### Stored data entries:
lemma walk_dist_stationary: "u \<in> V \<Longrightarrow> (\<Sum>x\<in>V. \<mu> x * walk_dist V adj s x u) = \<mu> u"
proof (induction s arbitrary: u)
  case 0
  then show ?case using finite_V by (simp add: if_distrib cong: if_cong)
next
  case (Suc s)
  have "(\<Sum>x\<in>V. \<mu> x * walk_dist V adj (Suc s) x u)
      = (\<Sum>y\<in>V. (\<Sum>x\<in>V. \<mu> x * walk_dist V adj s x y) * P y u)"
    by (simp add: sum_distrib_left sum_distrib_right mult.assoc) (rule sum.swap)
  also have "\<dots> = \<mu> u"
    using Suc stat_dist_stationary by simp
  finally show ?case .
qed

text \<open>Each step of the walk averages over the next positions, so an upper bound on the
  distribution at time \<open>T\<close>, uniform in the start vertex, persists at all later times.\<close>
lemma walk_dist_le_after:
  assumes "\<forall>v\<in>V. walk_dist V adj T v u \<le> b" "T \<le> s"
  shows "\<forall>v\<in>V. walk_dist V adj s v u \<le> b"
  using assms(2)
proof (induction s rule: dec_induct)
  case base
  show ?case using assms(1) .
next
  case (step s)
  show ?case
  proof
    fix v assume v: "v \<in> V"
    have "walk_dist V adj (Suc s) v u \<le> (\<Sum>x\<in>V. P v x * b)"
      unfolding walk_dist_Suc_left[OF v]
      using step.IH by (intro sum_mono mult_left_mono trans_prob_nonneg) auto
    also have "\<dots> = b"
      using sum_trans_prob[OF v] by (simp add: sum_distrib_right[symmetric])
    finally show "walk_dist V adj (Suc s) v u \<le> b" .
  qed
qed

lemma walk_weight_nonneg: "0 \<le> walk_weight V adj xs"
  unfolding walk_weight_def
  by (intro mult_nonneg_nonneg stat_dist_nonneg prod_nonneg) (auto intro: trans_prob_nonneg)

definition walk_expect :: "nat \<Rightarrow> (nat list \<Rightarrow> real) \<Rightarrow> real" where
  "walk_expect t f = (\<Sum>xs\<in>walks V t. walk_weight V adj xs * f xs)"
(* Let $\mathrm{BS}$ be the Biggs-Smith graph and let $u$ be any vertex; write $D_j(u)=\{w:\operatorname{dist}(w,u)=j\}$. (1) For each $4\le i\le 6$ and each edge $(x,y)$ with $x,y\in D_i(u)$, the $(x,u)$-geodesic and the $(y,u)$-geodesic first meet at a vertex of $D_{i-4}(u)$. (2) Let $(x,y)$ be an edge with $x,y\in D_6(u)$. Then the 4-displaced paths from $x$ to $u$ and from $y$ to $u$ meet only at $u$.
   Context: The Biggs-Smith graph $\mathrm{BS}$ is the cubic graph on the $102$ vertices $ia,ib,ic,id,ie,if$ for $i\in\{1,\dots,17\}$ (indices taken modulo 17, with $0$ written as $17$), whose edges are: $ie\,ia$, $ie\,ib$, $ie\,if$, $if\,ic$, $if\,id$ for each $i$; and $ia\,(i+1)a$, $ib\,(i+4)b$, $ic\,(i+2)c$, $id\,(i+8)d$ for each $i$. In $\mathrm{BS}$, for every vertex $u$ and every $w$ with $1\le \operatorname{dist}(w,u)\le 6$ the $(w,u)$-geodesic (shortest path) is unique, and each $D_j(u)$ with $4\le j\le 6$ induces a perfect matching. For $x\in D_6(u)$, the 4-displaced path from $x$ to $u$ is the path that follows the $(x,u)$-geodesic down to its vertex in $D_4(u)$, then takes the unique edge inside $D_4(u)$ at that vertex to a vertex $z$, and then follows the $(z,u)$-geodesic to $u$. *)

theory Defs
  imports Main
begin

text \<open>The Biggs-Smith graph. A vertex is a pair (i, t) with i < 17 (index taken mod 17,
  index 17 represented by 0) and a letter t.\<close>

datatype letter = La | Lb | Lc | Ld | Le | Lf

type_synonym bsvert = "nat \<times> letter"

definition bsV :: "bsvert set" where
  "bsV = {v. fst v < 17}"

definition bsE0 :: "bsvert \<Rightarrow> bsvert \<Rightarrow> bool" where
  "bsE0 v w \<longleftrightarrow> fst v < 17 \<and> fst w < 17 \<and>
     ((fst v = fst w \<and> (snd v, snd w) \<in> {(Le,La),(Le,Lb),(Le,Lf),(Lf,Lc),(Lf,Ld)})
    \<or> (snd v = La \<and> snd w = La \<and> fst w = (fst v + 1) mod 17)
    \<or> (snd v = Lb \<and> snd w = Lb \<and> fst w = (fst v + 4) mod 17)
    \<or> (snd v = Lc \<and> snd w = Lc \<and> fst w = (fst v + 2) mod 17)
    \<or> (snd v = Ld \<and> snd w = Ld \<and> fst w = (fst v + 8) mod 17))"

definition bs_adj :: "bsvert \<Rightarrow> bsvert \<Rightarrow> bool" where
  "bs_adj v w \<longleftrightarrow> bsE0 v w \<or> bsE0 w v"

definition bs_walk :: "bsvert list \<Rightarrow> bsvert \<Rightarrow> bsvert \<Rightarrow> bool" where
  "bs_walk p x y \<longleftrightarrow> p \<noteq> [] \<and> hd p = x \<and> last p = y \<and> set p \<subseteq> bsV \<and>
     (\<forall>k. Suc k < length p \<longrightarrow> bs_adj (p ! k) (p ! Suc k))"

definition bs_dist :: "bsvert \<Rightarrow> bsvert \<Rightarrow> nat" where
  "bs_dist x y = (LEAST n. \<exists>p. bs_walk p x y \<and> length p = Suc n)"

definition bsD :: "nat \<Rightarrow> bsvert \<Rightarrow> bsvert set" where
  "bsD j u = {w \<in> bsV. bs_dist w u = j}"
text \<open>
  Fix a monomial M of degree N = n + i (all other coefficients vanish on both sides) and let w be
  its weakly increasing word. A sequence \<sigma> counted by hat L_\<alpha> consists of consecutive
  blocks of w, cut at the partial sizes p(j) = |\<sigma>_1| + ... + |\<sigma>_j|; this is a strictly
  increasing map p : [n-1] \<rightarrow> [N-1], and the order conditions on \<sigma> say precisely that w
  strictly ascends at p(j) for every j \<in> S_\<alpha>. Dually, L_\<beta> has coefficient 1 at M iff w
  ascends at every position of S_\<beta>, and 0 otherwise.

  Every strictly increasing t : [n-1] \<rightarrow> [N-1] is an i-extension of D to exactly one set,
  E_t = t(D) \<union> ([N-1] - t([n-1])), and for \<beta> = \<omega>(C(E_t)) the positions of S_\<beta> are the
  N - t(k) with n - k \<in> S_\<alpha>. So both sides count increasing maps with an ascent condition,
  and the reflection t \<mapsto> (j \<mapsto> N - t(n - j)) matches the two conditions.
\<close>

lemma telescope_sum_list_nat:
  fixes f :: "nat \<Rightarrow> nat"
  assumes "\<And>j. j < k \<Longrightarrow> f j \<le> f (Suc j)"
  shows "f 0 + (\<Sum>j\<leftarrow>[0..<k]. f (Suc j) - f j) = f k"
  using assms
proof (induction k)
  case (Suc k)
  have "f k \<le> f (Suc k)" and "f 0 + (\<Sum>j\<leftarrow>[0..<k]. f (Suc j) - f j) = f k"
    using Suc by simp_all
  then show ?case
    by (simp only: upt_Suc_append[OF le0] map_append sum_list_append) simp
qed simp

lemma Min_set_sorted: "sorted xs \<Longrightarrow> xs \<noteq> [] \<Longrightarrow> Min (set xs) = hd xs"
  by (cases xs) (auto intro!: Min_eqI)

lemma Max_set_sorted:
  assumes "sorted xs" and "xs \<noteq> []"
  shows "Max (set xs) = last xs"
proof (rule Max_eqI)
  show "y \<le> last xs" if "y \<in> set xs" for y
    using assms that by (auto simp: in_set_conv_nth last_conv_nth sorted_iff_nth_mono)
qed (use assms in simp_all)

lemma sorted_concat:
  assumes "\<forall>xs\<in>set xss. sorted xs \<and> xs \<noteq> []"
    and "\<forall>j. Suc j < length xss \<longrightarrow> (\<forall>x\<in>set (xss ! j). \<forall>y\<in>set (xss ! Suc j). x \<le> y)"
  shows "sorted (concat xss)"
  using assms
proof (induction xss)
  case (Cons xs xss)
  have IH: "sorted (concat xss)"
    using Cons.IH Cons.prems by fastforce
  show ?case
  proof (cases xss)
    case (Cons ys yss)
    have ys: "ys \<noteq> []" "sorted ys" using Cons Cons.prems(1) by auto
    have "\<forall>x\<in>set xs. x \<le> hd ys"
      using Cons.prems(2)[rule_format, of 0] ys Cons by (simp add: hd_in_set)
    moreover have "\<forall>y\<in>set (concat xss). hd ys \<le> y"
      using IH ys Cons by (cases ys) auto
    ultimately show ?thesis
      using IH Cons.prems(1) by (auto simp: sorted_append intro: order.trans)
  qed (use Cons.prems in simp)
qed simp

lemma drop_concat_sum_lengths:
  "j \<le> length xss \<Longrightarrow> drop (\<Sum>xs\<leftarrow>take j xss. length xs) (concat xss) = concat (drop j xss)"
proof (induction xss arbitrary: j)
  case (Cons xs xss)
  then show ?case by (cases j) auto
qed simp

definition slice :: "nat \<Rightarrow> nat \<Rightarrow> 'a list \<Rightarrow> 'a list" where
  "slice a b w = take (b - a) (drop a w)"

lemma length_slice: "b \<le> length w \<Longrightarrow> length (slice a b w) = b - a"
  by (simp add: slice_def)

lemma set_slice_subset: "set (slice a b w) \<subseteq> set w"
  by (auto simp: slice_def dest: in_set_takeD in_set_dropD)

lemma sorted_slice: "sorted w \<Longrightarrow> sorted (slice a b w)"
  by (simp add: slice_def sorted_wrt_take sorted_wrt_drop)

lemma Min_set_slice:
  assumes "sorted w" and "a < b" and "b \<le> length w"
  shows "Min (set (slice a b w)) = w ! a"
  using assms by (subst Min_set_sorted) (auto simp: sorted_slice slice_def hd_drop_conv_nth)

lemma Max_set_slice:
  assumes "sorted w" and "a < b" and "b \<le> length w"
  shows "Max (set (slice a b w)) = w ! (b - 1)"
  using assms by (subst Max_set_sorted) (auto simp: sorted_slice slice_def last_conv_nth)

lemma concat_slices:
  assumes "\<And>j. j < k \<Longrightarrow> q j \<le> q (Suc j)" and "q 0 = 0"
  shows "concat (map (\<lambda>j. slice (q j) (q (Suc j)) w) [0..<k]) = take (q k) w"
  using assms
proof (induction k)
  case (Suc k)
  have "take (q (Suc k)) w = take (q k + (q (Suc k) - q k)) w"
    using Suc.prems by simp
  also have "\<dots> = take (q k) w @ slice (q k) (q (Suc k)) w"
    by (simp only: take_add slice_def)
  finally show ?case using Suc by simp
qed simp

lemma slice_concat_nth:
  assumes "j < length xss"
  shows "slice (\<Sum>xs\<leftarrow>take j xss. length xs) (\<Sum>xs\<leftarrow>take (Suc j) xss. length xs) (concat xss) = xss ! j"
proof -
  have "drop (\<Sum>xs\<leftarrow>take j xss. length xs) (concat xss) = xss ! j @ concat (drop (Suc j) xss)"
    using assms by (simp add: drop_concat_sum_lengths Cons_nth_drop_Suc[symmetric])
  then show ?thesis
    using assms by (simp add: slice_def take_Suc_conv_app_nth)
qed

section \<open>Compositions, C(E) and \<omega>\<close>

lemma sum_list_take_rev:
  fixes xs :: "nat list"
  assumes "k \<le> length xs"
  shows "sum_list (take k (rev xs)) = sum_list xs - sum_list (take (length xs - k) xs)"
proof -
  have "take k (rev xs) = rev (drop (length xs - k) xs)"
    using assms by (simp add: take_rev)
  moreover have "sum_list xs = sum_list (take (length xs - k) xs) + sum_list (drop (length xs - k) xs)"
    by (metis append_take_drop_id sum_list_append)
  ultimately show ?thesis by simp
qed

lemma Sset_rev: "Sset (rev xs) = (\<lambda>s. sum_list xs - s) ` Sset xs"
proof (intro equalityI subsetI)
  fix x assume "x \<in> Sset (rev xs)"
  then obtain k where k: "1 \<le> k" "k < length xs" "x = sum_list (take k (rev xs))"
    by (auto simp: Sset_def)
  then have "x = sum_list xs - sum_list (take (length xs - k) xs)"
    by (simp add: sum_list_take_rev)
  moreover have "sum_list (take (length xs - k) xs) \<in> Sset xs"
    unfolding Sset_def using k by (intro CollectI exI[of _ "length xs - k"]) auto
  ultimately show "x \<in> (\<lambda>s. sum_list xs - s) ` Sset xs" by blast
next
  fix x assume "x \<in> (\<lambda>s. sum_list xs - s) ` Sset xs"
  then obtain k where k: "1 \<le> k" "k < length xs" "x = sum_list xs - sum_list (take k xs)"
    by (auto simp: Sset_def)
  then have "x = sum_list (take (length xs - k) (rev xs))"
    by (simp add: sum_list_take_rev)
  then show "x \<in> Sset (rev xs)"
    unfolding Sset_def using k by (intro CollectI exI[of _ "length xs - k"]) auto
qed

lemma Sset_subset:
  assumes "is_composition xs"
  shows "Sset xs \<subseteq> {1..sum_list xs - 1}"
proof
  fix x assume "x \<in> Sset xs"
  then obtain k where k: "1 \<le> k" "k < length xs" "x = sum_list (take k xs)"
    by (auto simp: Sset_def)
  have "xs ! 0 \<in> set (take k xs)" and "xs ! k \<in> set (drop k xs)"
    using k by (auto simp: in_set_conv_nth intro!: exI[of _ 0])
  moreover have "xs ! 0 \<in> set xs" and "xs ! k \<in> set xs"
    using k by (auto intro: nth_mem)
  then have "0 < xs ! 0" and "0 < xs ! k"
    using assms by (simp_all add: is_composition_def)
  ultimately have "0 < x" and "0 < sum_list (drop k xs)"
    using k(3) member_le_sum_list[of "xs ! 0" "take k xs"] member_le_sum_list[of "xs ! k" "drop k xs"]
    by simp_all
  moreover have "sum_list xs = x + sum_list (drop k xs)"
    using k(3) by (metis append_take_drop_id sum_list_append)
  ultimately show "x \<in> {1..sum_list xs - 1}" by simp
qed

lemma all_in_range_iff_ball:
  fixes m :: nat
  assumes "A \<subseteq> {1..m-1}"
  shows "(\<forall>j. 1 \<le> j \<and> j < m \<and> j \<in> A \<longrightarrow> P j) \<longleftrightarrow> (\<forall>j\<in>A. P j)"
proof -
  have "1 \<le> j \<and> j < m" if "j \<in> A" for j
    using subsetD[OF assms that] by auto
  then show ?thesis
    by blast
qed
lemma flat_eqI:
  assumes npos: "\<forall>k<length n. n!k > 0" and k: "k \<le> length n"
    and M: "M \<in> carrier_mat (prod_list (take k n)) (prod_list (drop k n))"
    and eq: "\<And>ix. ix \<in> tidx n \<Longrightarrow> Z ix = M $$ (lin (take k n) (take k ix), lin (drop k n) (drop k ix))"
  shows "flat n k Z = M"
proof (rule eq_matI)
  fix a b assume "a < dim_row M" and "b < dim_col M"
  then have a: "a < prod_list (take k n)" and b: "b < prod_list (drop k n)" using M by auto
  then show "flat n k Z $$ (a, b) = M $$ (a, b)"
    using eq[OF unlin_append_in_tidx[OF npos k]] k by (simp add: flat_index lin_unlin)
qed (use M in auto)

lemma flat_unflat:
  assumes "\<forall>k<length n. n!k > 0" "k \<le> length n"
    and "M \<in> carrier_mat (prod_list (take k n)) (prod_list (drop k n))"
  shows "flat n k (unflat n k M) = M"
  using assms by (intro flat_eqI) (auto simp: unflat_def)

section \<open>Interface matrices of a tensor train\<close>

lemma rr_0 [simp]: "rr r 0 = 1"
  by (simp add: rr_def)

lemma rr_last: "length r + 1 = length n \<Longrightarrow> rr r (length n) = 1"
  by (simp add: rr_def)

lemma prod_list_take_Suc: "k < length (n::nat list) \<Longrightarrow> prod_list (take (Suc k) n) = n!k * prod_list (take k n)"
  by (simp add: take_Suc_conv_app_nth)

lemma prod_list_drop_nth: "k < length (n::nat list) \<Longrightarrow> prod_list (drop k n) = n!k * prod_list (drop (Suc k) n)"
  by (simp add: Cons_nth_drop_Suc[symmetric])

lemma coreL_dims [simp]:
  "dim_row (coreL n r k C) = rr r (k-1) * n!(k-1)" "dim_col (coreL n r k C) = rr r k"
  unfolding coreL_def by simp_all

lemma coreR_dims [simp]:
  "dim_row (coreR n r k C) = rr r (k-1)" "dim_col (coreR n r k C) = n!(k-1) * rr r k"
  unfolding coreR_def by simp_all

lemma coreL_carrier: "coreL n r k C \<in> carrier_mat (n!(k-1) * rr r (k-1)) (rr r k)"
  by (intro carrier_matI) simp_all

lemma coreR_carrier: "coreR n r k C \<in> carrier_mat (rr r (k-1)) (rr r k * n!(k-1))"
  by (intro carrier_matI) simp_all

lemma coreL_index:
  assumes "i < n!(k-1)" "\<alpha> < rr r (k-1)" "\<beta> < rr r k"
  shows "coreL n r k C $$ (i * rr r (k-1) + \<alpha>, \<beta>) = C i $$ (\<alpha>, \<beta>)"
  using assms mult_add_less_mult[OF assms(1,2)] by (simp add: coreL_def mult.commute)

lemma coreR_index:
  assumes "i < n!(k-1)" "\<alpha> < rr r (k-1)" "\<beta> < rr r k"
  shows "coreR n r k C $$ (\<alpha>, \<beta> * n!(k-1) + i) = C i $$ (\<alpha>, \<beta>)"
  using assms mult_add_less_mult[OF assms(3,1)] by (simp add: coreR_def mult.commute)

lemma Xle_carrier: "k \<le> length n \<Longrightarrow> Xle n r U k \<in> carrier_mat (prod_list (take k n)) (rr r k)"
  by (induction k) (auto simp: prod_list_take_Suc intro!: carrier_matI)

lemma XgeT_last [simp]: "XgeT n r U (Suc (length n)) = 1\<^sub>m 1"
  by (simp add: XgeT_def)

lemma XgeT_Suc:
  assumes "k < length n"
  shows "XgeT n r U (Suc k) = coreR n r (Suc k) (U (Suc k)) * kron (XgeT n r U (Suc (Suc k))) (1\<^sub>m (n!k))"
proof -
  have "length n + 1 - Suc k = Suc (length n - Suc k)" using assms by simp
  moreover have "length n - (length n - Suc k) = Suc k" using assms by simp
  ultimately show ?thesis unfolding XgeT_def by simp
qed

lemma XgeT_carrier:
  assumes rl: "length r + 1 = length n" and k: "k \<le> length n"
  shows "XgeT n r U (Suc k) \<in> carrier_mat (rr r k) (prod_list (drop k n))"
  using k
proof (induction k rule: inc_induct)
  case base then show ?case by (simp add: rr_last[OF rl])
next
  case (step k)
  then show ?case by (auto simp: XgeT_Suc prod_list_drop_nth intro!: carrier_matI)
qed

lemma Xle_orthonormal:
  assumes orth: "\<forall>k\<in>{1..<length n}. (coreL n r k (U k))\<^sup>T * coreL n r k (U k) = 1\<^sub>m (rr r k)"
  shows "k < length n \<Longrightarrow> (Xle n r U k)\<^sup>T * Xle n r U k = 1\<^sub>m (rr r k)"
proof (induction k)
  case 0 then show ?case by simp
next
  case (Suc k)
  let ?K = "kron (1\<^sub>m (n!k)) (Xle n r U k)" and ?L = "coreL n r (Suc k) (U (Suc k))"
  have X: "Xle n r U k \<in> carrier_mat (prod_list (take k n)) (rr r k)" using Xle_carrier Suc by simp
  then have K: "?K \<in> carrier_mat (n!k * prod_list (take k n)) (n!k * rr r k)" by auto
  have KK: "?K\<^sup>T * ?K = 1\<^sub>m (n!k * rr r k)" using X Suc by (intro kron_one_orthonormal_cols) auto
  have L: "?L \<in> carrier_mat (n!k * rr r k) (rr r (Suc k))" using coreL_carrier[of n r "Suc k"] by simp
  have LL: "?L\<^sup>T * ?L = 1\<^sub>m (rr r (Suc k))" using orth Suc.prems by auto
  show ?case using orthonormal_cols_mult[OF K L KK LL] by simp
qed

lemma XgeT_orthonormal:
  assumes rl: "length r + 1 = length n"
    and orth: "\<forall>k\<in>{2..length n}. coreR n r k (U k) * (coreR n r k (U k))\<^sup>T = 1\<^sub>m (rr r (k-1))"
    and k: "1 \<le> k" "k \<le> length n"
  shows "XgeT n r U (Suc k) * (XgeT n r U (Suc k))\<^sup>T = 1\<^sub>m (rr r k)"
  using k(2,1)
proof (induction k rule: inc_induct)
  case base then show ?case by (simp add: rr_last[OF rl])
next
  case (step k)
  let ?R = "coreR n r (Suc k) (U (Suc k))" and ?K = "kron (XgeT n r U (Suc (Suc k))) (1\<^sub>m (n!k))"
  have G: "XgeT n r U (Suc (Suc k)) \<in> carrier_mat (rr r (Suc k)) (prod_list (drop (Suc k) n))"
    using XgeT_carrier[OF rl] step by simp
  then have K: "?K \<in> carrier_mat (rr r (Suc k) * n!k) (prod_list (drop (Suc k) n) * n!k)" by auto
  have KK: "?K * ?K\<^sup>T = 1\<^sub>m (rr r (Suc k) * n!k)" using G step by (intro kron_one_orthonormal_rows) auto
  have R: "?R \<in> carrier_mat (rr r k) (rr r (Suc k) * n!k)" using coreR_carrier[of n r "Suc k"] by simp
  have RR: "?R * ?R\<^sup>T = 1\<^sub>m (rr r k)" using orth step by auto
  show ?case using orthonormal_rows_mult[OF R K RR KK] step by (simp add: XgeT_Suc)
qed

fun tt_prefix :: "cores \<Rightarrow> nat \<Rightarrow> nat list \<Rightarrow> real mat" where
  "tt_prefix C 0 ix = 1\<^sub>m 1"
| "tt_prefix C (Suc k) ix = tt_prefix C k ix * C (Suc k) (ix!k)"

definition tt_suffix :: "nat \<Rightarrow> cores \<Rightarrow> nat \<Rightarrow> nat list \<Rightarrow> real mat" where
  "tt_suffix d C k ix = foldr (\<lambda>j M. C j (ix!(j-1)) * M) [Suc k..<Suc d] (1\<^sub>m 1)"

lemma tt_val_eq_tt_suffix: "tt_val d C ix = tt_suffix d C 0 ix $$ (0, 0)"
  by (simp add: tt_val_def tt_suffix_def)

lemma tt_suffix_last [simp]: "tt_suffix d C d ix = 1\<^sub>m 1"
  by (simp add: tt_suffix_def)

lemma tt_suffix_Suc: "k < d \<Longrightarrow> tt_suffix d C k ix = C (Suc k) (ix!k) * tt_suffix d C (Suc k) ix"
  by (simp add: tt_suffix_def upt_conv_Cons del: upt_Suc)

context
  fixes n r :: "nat list" and C :: cores and ix :: "nat list"
  assumes cok: "\<forall>k\<in>{1..length n}. core_ok n r k (C k)" and ix: "ix \<in> tidx n"
begin

lemma core_at_carrier:
  assumes k: "k < length n"
  shows "C (Suc k) (ix!k) \<in> carrier_mat (rr r k) (rr r (Suc k))"
proof -
  have "core_ok n r (Suc k) (C (Suc k))" using cok k by auto
  then show ?thesis using tidxD[OF ix] k unfolding core_ok_def by auto
qed

lemma tt_prefix_carrier: "k \<le> length n \<Longrightarrow> tt_prefix C k ix \<in> carrier_mat 1 (rr r k)"
proof (induction k)
  case (Suc k)
  then show ?case using mult_carrier_mat[OF _ core_at_carrier[of k]] by simp
qed simp

lemma tt_suffix_carrier:
  assumes rl: "length r + 1 = length n" and k: "k \<le> length n"
  shows "tt_suffix (length n) C k ix \<in> carrier_mat (rr r k) 1"
  using k
proof (induction k rule: inc_induct)
  case base then show ?case by (simp add: rr_last[OF rl])
next
  case (step k)
  then show ?case using core_at_carrier[of k] by (simp add: tt_suffix_Suc)
qed

lemma tt_suffix_split:
  assumes rl: "length r + 1 = length n"
  shows "k \<le> length n \<Longrightarrow> tt_suffix (length n) C 0 ix = tt_prefix C k ix * tt_suffix (length n) C k ix"
proof (induction k)
  case 0 then show ?case using tt_suffix_carrier[OF rl, of 0] by simp
next
  case (Suc k)
  then have "tt_suffix (length n) C 0 ix = tt_prefix C k ix * (C (Suc k) (ix!k) * tt_suffix (length n) C (Suc k) ix)"
    by (simp add: tt_suffix_Suc)
  also have "\<dots> = tt_prefix C (Suc k) ix * tt_suffix (length n) C (Suc k) ix"
    using Suc.prems tt_prefix_carrier[of k] core_at_carrier[of k] tt_suffix_carrier[OF rl, of "Suc k"]
    by (simp add: assoc_mult_mat[of _ 1 "rr r k" _ "rr r (Suc k)" _ 1])
  finally show ?case .
qed

lemma Xle_index:
  "k \<le> length n \<Longrightarrow> \<beta> < rr r k \<Longrightarrow>
   Xle n r C k $$ (lin (take k n) (take k ix), \<beta>) = tt_prefix C k ix $$ (0, \<beta>)"
proof (induction k arbitrary: \<beta>)
  case 0 then show ?case by simp
next
  case (Suc k)
  have k: "k < length n" using Suc.prems by simp
  have i: "ix!k < n!k" using tidxD[OF ix] k by simp
  have X: "Xle n r C k \<in> carrier_mat (prod_list (take k n)) (rr r k)" using Xle_carrier k by simp
  have L: "coreL n r (Suc k) (C (Suc k)) \<in> carrier_mat (n!k * rr r k) (rr r (Suc k))"
    using coreL_carrier[of n r "Suc k"] by simp
  have "Xle n r C (Suc k) $$ (lin (take (Suc k) n) (take (Suc k) ix), \<beta>) =
      (kron (1\<^sub>m (n!k)) (Xle n r C k) * coreL n r (Suc k) (C (Suc k))) $$
        (ix!k * prod_list (take k n) + lin (take k n) (take k ix), \<beta>)"
    by (simp add: lin_take_Suc[OF ix k])
  also have "\<dots> = (\<Sum>\<alpha><rr r k. Xle n r C k $$ (lin (take k n) (take k ix), \<alpha>) *
         coreL n r (Suc k) (C (Suc k)) $$ (ix!k * rr r k + \<alpha>, \<beta>))"
    using kron_one_mult_index[OF X L lin_take_less[OF ix] i Suc.prems(2)] k by simp
  also have "\<dots> = (\<Sum>\<alpha><rr r k. tt_prefix C k ix $$ (0, \<alpha>) * C (Suc k) (ix!k) $$ (\<alpha>, \<beta>))"
    using Suc i k by (intro sum.cong refl) (simp add: coreL_index[of _ n "Suc k", simplified])
  also have "\<dots> = tt_prefix C (Suc k) ix $$ (0, \<beta>)"
    using index_mult_mat_sum[OF tt_prefix_carrier[of k] core_at_carrier[OF k], of 0 \<beta>] Suc.prems k by simp
  finally show ?case .
qed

### Work to complete:
Where a line of the records holds the word "real", copy that line.

### Output for this task:
definition walk_expect :: "nat \<Rightarrow> (nat list \<Rightarrow> real) \<Rightarrow> real" where
fun tt_prefix :: "cores \<Rightarrow> nat \<Rightarrow> nat list \<Rightarrow> real mat" where
definition tt_suffix :: "nat \<Rightarrow> cores \<Rightarrow> nat \<Rightarrow> nat list \<Rightarrow> real mat" where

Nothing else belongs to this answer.